The spokes tested stronger than Crossmax, and seeing as there are 32 per whel, well the ride is very stiff. I like stiff wheels and a compliant frame, so I am in love with these. Building the wheels is a joy, zero spoke wind up do to large diameter spokes...and absolutely mindless lacing. I haven't figured what proper tension should be yet, but I can say that Ive never before ran a 400g rear rim with any luck until now (and I'm trying to break it!).


----------



## aosty (Jan 7, 2004)

What kind of cog is that?


----------



## OneGearGuy (Jun 15, 2004)

*looks even cooler in person...*

damn, Marshall- i didn't realize your proprietary hubs (note: best engagement i have EVER witnessed. CKs are slow in comparison. yeah, really) were laced to aluminum spokes! you need to get that wheel setup into production for the rest of us.  offering 29" and 26" front and rears would cover all the bases.
is that a KM fork or what? 
btw, i see you changed out your death defying 1.5" Conti rear tire. 
you want to ride this weekend?

one more thing; this just goes to show that "mainstream" doesn't mean "correct."
thinking outside the box, like Marshall does, and Jeff Jones and Brant at On*One (best wishes to you and your family) and all the folks who are pushing the limits of what we already know, get huge props from me. whaddya all say?


----------



## red-haze.com (Jan 16, 2004)

Aluminum spokes?? thats crazy talk!
I like it!

Have fun on your climb coming up (<--is that a pun?) very cool bike
bob


----------



## sime (Jan 16, 2004)

very interesting ride indeed. but upon looking at it, either you are all legs, and even then, short thighs, or your weight distribution is quite forward......which would certainly help on the climbing, but be _interesting_ going down. as for the Al spokes; only time will tell.

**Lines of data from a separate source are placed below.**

lemma subgroup_generate_inv: "subgroup (generate G {inv x}) G"
  using x by (intro generate_is_subgroup) simp

lemma generate_inv_eq_powers: "generate G {inv x} = {inv x [^] k | k. k \<in> (UNIV :: nat set)}"
  using x by (intro generate_pow_on_finite_carrier[OF finite_carrier]) simp

lemma some_in_rcoset:
  assumes "C \<in> rcosets (generate G {inv x})"
  shows "(SOME c. c \<in> C) \<in> C"
proof -
  obtain a where "a \<in> carrier G" and "C = generate G {inv x} #> a"
    using assms unfolding RCOSETS_def by blast
  then have "a \<in> C" using rcos_self[OF _ subgroup_generate_inv] by simp
  then show ?thesis by (rule someI)
qed

lemma rcoset_eq_if_some_mem:
  assumes "C \<in> rcosets (generate G {inv x})" and "C' \<in> rcosets (generate G {inv x})"
    and "(SOME c. c \<in> C) \<in> C'"
  shows "C = C'"
proof (rule ccontr)
  assume "C \<noteq> C'"
  then have "disjnt C C'"
    using rcos_disjoint[OF subgroup_generate_inv] assms(1,2) by (auto simp: pairwise_def)
  then show False using some_in_rcoset[OF assms(1)] assms(3) by (auto simp: disjnt_def)
qed

lemma coset_reps_subset: "coset_reps x \<subseteq> carrier G"
  using some_in_rcoset rcosets_part_G[OF subgroup_generate_inv] by (auto simp: coset_reps_def)

lemma coset_reps_cover:
  assumes c: "c \<in> carrier G"
  shows "\<exists>c0\<in>coset_reps x. \<exists>k::nat. c = inv x [^] k \<otimes> c0"
proof -
  let ?H = "generate G {inv x}"
  define c0 where "c0 = (SOME c'. c' \<in> ?H #> c)"
  have "?H #> c \<in> rcosets ?H"
    using c subgroup.subset[OF subgroup_generate_inv] by (rule rcosetsI[rotated])
  then have "c0 \<in> coset_reps x" and "c0 \<in> ?H #> c"
    unfolding c0_def coset_reps_def using some_in_rcoset by auto
  then obtain h where h: "h \<in> ?H" and c0: "c0 = h \<otimes> c" unfolding r_coset_def by auto
  have "inv h \<in> ?H" using subgroup.m_inv_closed[OF subgroup_generate_inv h] .
  then obtain k :: nat where "inv h = inv x [^] k" unfolding generate_inv_eq_powers by blast
  moreover have "c = inv h \<otimes> c0"
    using c0 h c subgroup.subset[OF subgroup_generate_inv] by (auto simp: m_assoc[symmetric])
  ultimately show ?thesis using \<open>c0 \<in> coset_reps x\<close> by auto
qed

lemma coset_reps_avoid:
  assumes c0: "c0 \<in> coset_reps x" and i: "0 < i" "i < ord x"
  shows "inv x [^] i \<otimes> c0 \<notin> coset_reps x"
proof
  let ?H = "generate G {inv x}"
  assume "inv x [^] i \<otimes> c0 \<in> coset_reps x"
  then obtain C' where C': "C' \<in> rcosets ?H" and y: "inv x [^] i \<otimes> c0 = (SOME c. c \<in> C')"
    unfolding coset_reps_def by blast
  obtain C where C: "C \<in> rcosets ?H" and c0C: "c0 = (SOME c. c \<in> C)"
    using c0 unfolding coset_reps_def by blast
  have c0G: "c0 \<in> carrier G" using c0 coset_reps_subset by blast
  have "C = ?H #> c0"
    using C some_in_rcoset[OF C] repr_independence[OF _ _ subgroup_generate_inv]
    by (auto simp: RCOSETS_def c0C)
  moreover have "inv x [^] i \<in> ?H" unfolding generate_inv_eq_powers by blast
  ultimately have "inv x [^] i \<otimes> c0 \<in> C"
    using rcosI[OF _ subgroup.subset[OF subgroup_generate_inv] c0G] by blast
  then have "C' = C" using rcoset_eq_if_some_mem[OF C' C] y by simp
  then have "inv x [^] i \<otimes> c0 = \<one> \<otimes> c0" using y c0C c0G by simp
  then have "inv x [^] i = \<one>" using x c0G by (metis inv_closed nat_pow_closed one_closed r_cancel)
  then have "ord x dvd i" using x pow_eq_id[of "inv x" i] by simp
  then show False using i by (simp add: nat_dvd_not_less)
qed

lemma card_coset_reps: "card (coset_reps x) * ord x = order G"
proof -
  have "inj_on (\<lambda>C. SOME c. c \<in> C) (rcosets (generate G {inv x}))"
  proof (rule inj_onI)
    fix C C' assume "C \<in> rcosets (generate G {inv x})" "C' \<in> rcosets (generate G {inv x})"
      and "(SOME c. c \<in> C) = (SOME c. c \<in> C')"
    then show "C = C'" using some_in_rcoset[of C'] by (intro rcoset_eq_if_some_mem) auto
  qed
  then have "card (coset_reps x) = card (rcosets (generate G {inv x}))"
    unfolding coset_reps_def by (rule card_image)
  moreover have "card (generate G {inv x}) = ord x"
    using x generate_pow_card[of "inv x"] by simp
  ultimately show ?thesis using lagrange[OF subgroup_generate_inv] by simp
qed

end

end

lemma wreath_carrier: "carrier (wreath A B) = (carrier B \<rightarrow>\<^sub>E carrier A) \<times> carrier B"
  by (simp add: wreath_def)

lemma wreath_mult: "(f, x) \<otimes>\<^bsub>wreath A B\<^esub> (g, y) =
   ((\<lambda>b\<in>carrier B. f b \<otimes>\<^bsub>A\<^esub> g (inv\<^bsub>B\<^esub> x \<otimes>\<^bsub>B\<^esub> b)), x \<otimes>\<^bsub>B\<^esub> y)"
  by (simp add: wreath_def)

lemma wreath_one: "\<one>\<^bsub>wreath A B\<^esub> = ((\<lambda>b\<in>carrier B. \<one>\<^bsub>A\<^esub>), \<one>\<^bsub>B\<^esub>)"
  by (simp add: wreath_def)

lemma group_wreath:
  assumes "group A" and "group B"
  shows "group (wreath A B)"
proof -
  interpret A: group A by fact
  interpret B: group B by fact
  show ?thesis
  proof (rule groupI)
    show "u \<otimes>\<^bsub>wreath A B\<^esub> v \<in> carrier (wreath A B)"
      if "u \<in> carrier (wreath A B)" "v \<in> carrier (wreath A B)" for u v
      using that by (auto simp: wreath_carrier wreath_mult PiE_iff)
    show "\<one>\<^bsub>wreath A B\<^esub> \<in> carrier (wreath A B)"
      by (auto simp: wreath_carrier wreath_one)
    show "u \<otimes>\<^bsub>wreath A B\<^esub> v \<otimes>\<^bsub>wreath A B\<^esub> w = u \<otimes>\<^bsub>wreath A B\<^esub> (v \<otimes>\<^bsub>wreath A B\<^esub> w)"
      if "u \<in> carrier (wreath A B)" "v \<in> carrier (wreath A B)" "w \<in> carrier (wreath A B)" for u v w
      using that by (auto simp: wreath_carrier wreath_mult PiE_iff B.m_assoc B.inv_mult_group A.m_assoc intro!: restrict_ext)
    show "\<one>\<^bsub>wreath A B\<^esub> \<otimes>\<^bsub>wreath A B\<^esub> u = u" if "u \<in> carrier (wreath A B)" for u
      using that by (auto simp: wreath_carrier wreath_mult wreath_one PiE_iff extensional_def fun_eq_iff)
    show "\<exists>v\<in>carrier (wreath A B). v \<otimes>\<^bsub>wreath A B\<^esub> u = \<one>\<^bsub>wreath A B\<^esub>"
      if u_carrier: "u \<in> carrier (wreath A B)" for u
    proof -
      obtain f x where u: "u = (f, x)" "f \<in> carrier B \<rightarrow>\<^sub>E carrier A" "x \<in> carrier B"
        using u_carrier unfolding wreath_carrier by blast
      show ?thesis
      proof
        show "((\<lambda>b\<in>carrier B. inv\<^bsub>A\<^esub> f (x \<otimes>\<^bsub>B\<^esub> b)), inv\<^bsub>B\<^esub> x) \<otimes>\<^bsub>wreath A B\<^esub> u = \<one>\<^bsub>wreath A B\<^esub>"
          using u by (auto simp: wreath_mult wreath_one PiE_iff B.m_assoc[symmetric] intro!: restrict_ext)
      qed (use u in \<open>auto simp: wreath_carrier PiE_iff\<close>)
    qed
  qed
qed

locale wreath_product = A: group A + B: group B
  for A :: "('a, 'c) monoid_scheme" and B :: "('b, 'e) monoid_scheme"
begin

sublocale W: group "wreath A B"
  by (rule group_wreath) unfold_locales

primrec cycle_prod :: "('b \<Rightarrow> 'a) \<Rightarrow> 'b \<Rightarrow> nat \<Rightarrow> 'b \<Rightarrow> 'a" where
  "cycle_prod f x 0 c = \<one>\<^bsub>A\<^esub>"
| "cycle_prod f x (Suc n) c = f c \<otimes>\<^bsub>A\<^esub> cycle_prod f x n (inv\<^bsub>B\<^esub> x \<otimes>\<^bsub>B\<^esub> c)"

cool ride though, and since you like it....even better. good luck with it.


----------



## lifer (Feb 5, 2004)

*Some folks get so caught up in being "unique & special"*

...that they forget how much more fon it is not getting the crap beat out of you on a good FS. Why don't you make it fixed for those descents, and put some rim brakes on it?


----------



## drevelo66 (Jan 22, 2005)

Pay no attention to these Philistines! It's a neat idea, and if it works for you, that's what counts. I get the impression that some thought DID go into the wheel selection, rather than just trying to be different. Very cool...


----------



## teamdicky (Jan 12, 2004)

*Hey Marshall,*

I finally jumped into the 29" front all the way last night. I have had the wheel for a couple weeks, but I finally got my Exiwolf on last night. I will be up in Pisgah Sunday with Eric W giving it a whirl on Pilot Rock. I figure it should be a good test since it was pretty brutal even with my Conti Diesel UST 2.5.
I gotta admit, I am anxious to know more about that rear hub/wheel. I have been looking for my next rear wheel, and I haven't found something that floats my boat or finds my lost remote.
I still have a surplus of Conti 1.5's in my stash. They used to be all I would run. 24 hour race or nasty ride down Yancy's Ridge, they were my tire of choice. I am still holding onto a Specialized 1.7 I can't figure out what to do with.
By the way, the cog has been working great and I have been on a few fixxy rides too. I had to stop riding the fix as I have a few big events coming up and I need to settle on my bike configuration before then.


----------



## SanAnMan (Mar 22, 2004)

*Does your foot hit the front wheel?*

Very sweet bike! What seatpost diameter are you spec'ing for your frames?

The pedal looks close to the front wheel in the pic. Just wondering if your foot ever hits the wheel???


----------



## chidDONG (Mar 10, 2005)

looks similar to one that Bikeman is rolling into production. I've seen the prototype (the one in the pic) and it seemed a bit heavy (I'd guess 28-29 lbs, didn't put it on a scale though). Any idea how much yours weighs?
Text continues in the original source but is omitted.